Internet use is changing. Consumers are no longer content to sit at the trough, absorbing news, buying books, streaming movies or even posting on blogs. They want to produce and upload their own content. “Upstream is the new downstream,” says Travis Leo, director of Qwest high-speed Internet product management and development.
Thanks to services like Facebook, Skype video chat and even online storage services like Carbonite or Mozy, the consumer is now a content creator — or at least a content uploader. Over at NewTeeVee, Liz reports that Facebook receives some 415,000 video uploads per day, while people upload 20 hours of video to YouTube per minute. And it’s not just the consumer. Last week, on Cisco’s second quarter earnings call, CEO John Chambers noted that an enterprise customer has purchased $1 million worth of Flip cameras. That’s between 5,000 and 10,000 of those point-and-shoot video cameras. Don’t think for a second that the content created by those is going to stay nestled on someone’s desktop at the corporate headquarters. It will find its way to the world on the employees’ office (and home) Internet connections.

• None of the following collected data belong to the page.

lemma bracket_at_doubled_product_first_half:
  assumes T: "totally_hom_assoc m f a" and m: "m \<ge> 2"
    and ys: "length ys = 4 * m - 3" and J: "J \<le> m - 1"
  shows "bracket_at (2 * m - 1) (doubled_product m f a) (a \<circ> a) J ys =
     f (f (doubled_product m f a (take (2 * m - 1) ys)
             # map (a \<circ> a) (take (m - 1) (drop (2 * m - 1) ys)))
        # map a (map (a \<circ> a) (drop (3 * m - 2) ys)))"
proof -
  have "length ys = J + (m + ((m-1-J) + (J + ((m-1-J) + (m-1)))))" using ys J m by simp
  then obtain p b c d s t where ys_eq: "ys = p @ (b @ c @ d) @ (s @ t)"
    and lengths: "length p = J" "length b = m" "length c = m-1-J" "length d = J"
      "length s = m-1-J" "length t = m-1"
    by (elim split_list_at_length) (metis append.assoc)
  have parts: "take (2 * m - 1) ys = p @ b @ c" "take (m - 1) (drop (2 * m - 1) ys) = d @ s"
      "drop (3 * m - 2) ys = t"
    unfolding ys_eq using lengths m J by simp_all
  have split_m: "m - J = Suc (m - Suc J)" using J m by simp
  have "bracket_at (2 * m - 1) (doubled_product m f a) (a \<circ> a) J ys
      = doubled_product m f a
          (map (a \<circ> a) p @ [doubled_product m f a (b @ c @ d)] @ map (a \<circ> a) (s @ t))"
    unfolding ys_eq using lengths m J by (intro bracket_at_append) auto
  also have "\<dots> = f (f (map (a \<circ> a) p @ [doubled_product m f a (b @ c @ d)] @ map (a \<circ> a) s)
                    # map a (map (a \<circ> a) t))"
    unfolding doubled_product_def using lengths J m by (simp add: split_m)
  also have "f (map (a \<circ> a) p @ [doubled_product m f a (b @ c @ d)] @ map (a \<circ> a) s)
     = f (doubled_product m f a (p @ b @ c) # map (a \<circ> a) (d @ s))"
    by (rule totally_hom_assoc_doubled_product_interchange[OF T m J]) (use lengths in auto)
  finally show ?thesis unfolding parts .
qed

lemma bracket_at_doubled_product_second_half:
  assumes T: "totally_hom_assoc m f a" and m: "m \<ge> 2"
    and ys: "length ys = 4 * m - 3" and J: "m - 1 \<le> J" "J \<le> 2 * m - 2"
  shows "bracket_at (2 * m - 1) (doubled_product m f a) (a \<circ> a) J ys =
     f (map a (map (a \<circ> a) (take (m - 1) ys)) @
        [f (doubled_product m f a (take (2 * m - 1) (drop (m - 1) ys))
            # map (a \<circ> a) (drop (3 * m - 2) ys))])"
proof -
  define K where "K = J - (m - 1)"
  have K: "K \<le> m - 1" "J = (m - 1) + K" using J m unfolding K_def by auto
  have "length ys = (m-1) + (K + (m + ((m-1-K) + (K + (m-1-K)))))" using ys K m by simp
  then obtain q p b c d s where ys_eq: "ys = (q @ p) @ (b @ c @ d) @ s"
    and lengths: "length q = m-1" "length p = K" "length b = m" "length c = m-1-K"
      "length d = K" "length s = m-1-K"
    by (elim split_list_at_length) (metis append.assoc)
  have parts: "take (m - 1) ys = q" "take (2 * m - 1) (drop (m - 1) ys) = p @ b @ c"
      "drop (3 * m - 2) ys = d @ s"
    unfolding ys_eq using lengths m K by simp_all
  have "bracket_at (2 * m - 1) (doubled_product m f a) (a \<circ> a) J ys
      = doubled_product m f a
          (map (a \<circ> a) q @ (map (a \<circ> a) p @ [doubled_product m f a (b @ c @ d)]
             @ map (a \<circ> a) s) @ [])"
    unfolding ys_eq using lengths m K by (subst bracket_at_append) auto
  also have "\<dots> = f (map a (map (a \<circ> a) q) @
       [f (map (a \<circ> a) p @ [doubled_product m f a (b @ c @ d)] @ map (a \<circ> a) s)] @ map a [])"
    by (rule totally_hom_assoc_reassoc[OF T, symmetric]) (use lengths m K in auto)
  also have "\<dots> = f (map a (map (a \<circ> a) q)
        @ [f (doubled_product m f a (p @ b @ c) # map (a \<circ> a) (d @ s))])"
    using totally_hom_assoc_doubled_product_interchange[OF T m K(1)] lengths by simp
  finally show ?thesis unfolding parts .
qed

The average employee generates up to 5 MB of information each day, all of which gets backed up nightly at large companies. Depending on the number of employees a comapny has and the business’ upstream connection those backups can take a few minutes or many hours. To deal with extremely large data uploads Amazon Web Services now offers folks the option to send in huge amounts of data via the postal service, rather than waiting for the snail-like pace of today’s upstream bandwidth offerings.